Bought one of these a couple of months ago. Just big enough for two. If you do go for one of these make sure you buy the one for an external gas supply as there are two and one sits on top of a gas supply. The legs fold under the bbq and all of the attachments etc. fit into a supplied bag. Small enough to fit under a seat.
Did not buy mine from here but I knew they sold them.
http://www.riverswayleisure.co.uk/acatalog/info_6547.html

Sorry, did not follow the link which has exactly the same bbq. Cheaper at Argos too.


----------



## huss (Mar 5, 2008)

Thanks for replys looking at all options but it must fit too external gas fitting. Any comments on the O-Grill 3000 apart from the price.
Huss


----------



## Techno100 (May 8, 2010)

Thats good too


----------



## JohnH (May 10, 2005)

The Cadac Safari Chef definitely connects to an external bbq point. That's how it is connected in my case. Don't know about the others.


----------



## cabby (May 14, 2005)

Venwood, that shop in Brighton must be Johns Camping International. London Rd Brighton.
hope that helps anyone.

cabby


----------



## Vennwood (Feb 4, 2007)

cabby said:


> Venwood, that shop in Brighton must be Johns Camping International. London Rd Brighton.
> hope that helps anyone.
> 
> cabby


Thanks cabby. Just for the record the one our friends have links into their external BBQ gas point and doesn't use the small cannisters as shown in the web site


----------



## TheLizard (Jan 23, 2008)

I agree with JohnH and Venwood....I also use my Cadac Safari Chef hooked up to the external gas point on the van...

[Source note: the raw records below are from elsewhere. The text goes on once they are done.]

lemma exists_above_if_deriv_ge_below:
  fixes h k k' :: "real \<Rightarrow> real"
  assumes "0 < c" and h_dec: "antimono_on {\<kappa>..} h"
    and k_deriv: "\<And>x. \<kappa> \<le> x \<Longrightarrow> (k has_real_derivative k' x) (at x)"
    and k'_ge: "\<And>x. \<kappa> \<le> x \<Longrightarrow> k x \<le> h x \<Longrightarrow> c \<le> k' x"
  shows "\<exists>x\<ge>\<kappa>. h x \<le> k x"
proof (rule ccontr)
  assume "\<not> (\<exists>x\<ge>\<kappa>. h x \<le> k x)"
  then have below: "k x < h x" if "\<kappa> \<le> x" for x using that by force
  define X where "X = \<kappa> + (h \<kappa> - k \<kappa>) / c"
  have "\<kappa> \<le> X" using below[of \<kappa>] \<open>0 < c\<close> by (simp add: X_def)
  have "k \<kappa> + c * (X - \<kappa>) \<le> k X"
  proof (rule ge_linear_if_deriv_ge[where f' = k'])
    show "c \<le> k' x" if "\<kappa> < x" "x < X" for x
      using k'_ge[of x] below[of x] that by simp
  qed (use \<open>\<kappa> \<le> X\<close> k_deriv in auto)
  then have "h \<kappa> \<le> k X" using \<open>0 < c\<close> by (simp add: X_def)
  moreover have "h X \<le> h \<kappa>" using monotone_onD[OF h_dec, of \<kappa> X] \<open>\<kappa> \<le> X\<close> by simp
  ultimately show False using below[OF \<open>\<kappa> \<le> X\<close>] by simp
qed

lemma crossing_point_exists:
  fixes h k k' :: "real \<Rightarrow> real"
  assumes "0 < c"
    and h_dec: "strict_antimono_on {\<kappa>..} h" and h_cont: "continuous_on {\<kappa>..} h"
    and k_deriv: "\<And>x. \<kappa> \<le> x \<Longrightarrow> (k has_real_derivative k' x) (at x)"
    and k'_ge: "\<And>x. \<kappa> \<le> x \<Longrightarrow> k x \<le> h x \<Longrightarrow> c \<le> k' x"
  shows "\<exists>b\<ge>\<kappa>. (\<forall>x. \<kappa> < x \<and> x < b \<longrightarrow> k x < h x) \<and> (\<forall>x>b. h x < k x)"
proof -
  define S where "S = {x. \<kappa> \<le> x \<and> h x \<le> k x}"
  have "antimono_on {\<kappa>..} h"
    using h_dec by (auto simp: monotone_on_def less_eq_real_def)
  then have "S \<noteq> {}"
    using exists_above_if_deriv_ge_below[OF \<open>0 < c\<close> _ k_deriv k'_ge] by (auto simp: S_def)
  have "bdd_below S" by (auto simp: S_def intro: bdd_belowI)
  define b where "b = Inf S"
  have "\<kappa> \<le> b" unfolding b_def using \<open>S \<noteq> {}\<close> by (rule cInf_greatest) (auto simp: S_def)
  moreover have "k x < h x" if "\<kappa> < x" "x < b" for x
  proof (rule ccontr)
    assume "\<not> k x < h x"
    then have "x \<in> S" using that by (auto simp: S_def)
    then have "b \<le> x" unfolding b_def using \<open>bdd_below S\<close> by (rule cInf_lower)
    with \<open>x < b\<close> show False by simp
  qed
  moreover have "h x < k x" if "b < x" for x
  proof -
    obtain s where "s \<in> S" "s < x" using cInf_lessD[OF \<open>S \<noteq> {}\<close>] \<open>b < x\<close> by (auto simp: b_def)
    then show ?thesis
      using above_persists_if_deriv_pos_below[OF h_dec h_cont k_deriv, of s x] k'_ge \<open>0 < c\<close>
      by (force simp: S_def)
  qed
  ultimately show ?thesis by blast
qed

And to a gas bottle, via regulator, for cooking at home so very easy to convert as required


----------



## mgacoupe (May 5, 2010)

The Cadac takes up too much space and it is an awkward shape to pack away 
We have one but we now leave it at home and now use an electric hot plate (800W) which we plug in to the 240V hook up (you are paying for the juice anyway 
Costs about £29 from Leisure Kingdom and works great and so easy to clean and store 
We haven't used it yet when wild camping but we have an 800W inverter, two leisure batteries and an 80 Watt solar panel so I guess it is a possibility 
800W at 240V equates to just over 3 amps when full on which converts to 60 amps at 12 volts,so it is possible 
We only use our gas for heating 
Cheers
MGA Coupe


----------



## huss (Mar 5, 2008)

*BBQ*

Thanks for all the info will try to see a few over the next 2 weeks.

Huss


----------



## GerryD (Sep 20, 2007)

Bought one of these at Towsure a couple of weeks ago; used it for the first time this evening, well pleased:
http://www.cadac.uk.com/products/product.php?pid=260
Perfect size for two.
Gerry


----------



## Codfinger (Jan 11, 2008)

*gas bbq*

We have the Cadac safari chef, ideal for 2 peeps packs away neatly in its own bag, easy to clean and will defo hook up to your gas point, we also have the roasting pan and have done joints, fry your sausage bacon and eggs on the hot plate,you can do a stir fry or chips in the lid ,in a nut-shell will cook most things and not just a few burgers  
Chris


----------



## 1302 (Apr 4, 2006)

Depends if you want your food to taste bbq'ed or grilled!  

We always buy ones with lava rocks, that absorb fats etc and are not far off using a charcoal bbq, (even if we buy a new one we use the old rocks), with the others its not unlike putting your food under the grill, a consideration before you lash out! 
The past 2 portable ones were about £16, most outdoor/leisure stores keep them.


----------



## TJ101 (Oct 12, 2008)

Another vote for the Cadac Safari Chef LP,, 
Just used it everyday for the last week, for 2 or 6 people, packs up well in its bag, and works fine with 4 meters of pipe on it 8O 
For the money, excellent bit of kit,


----------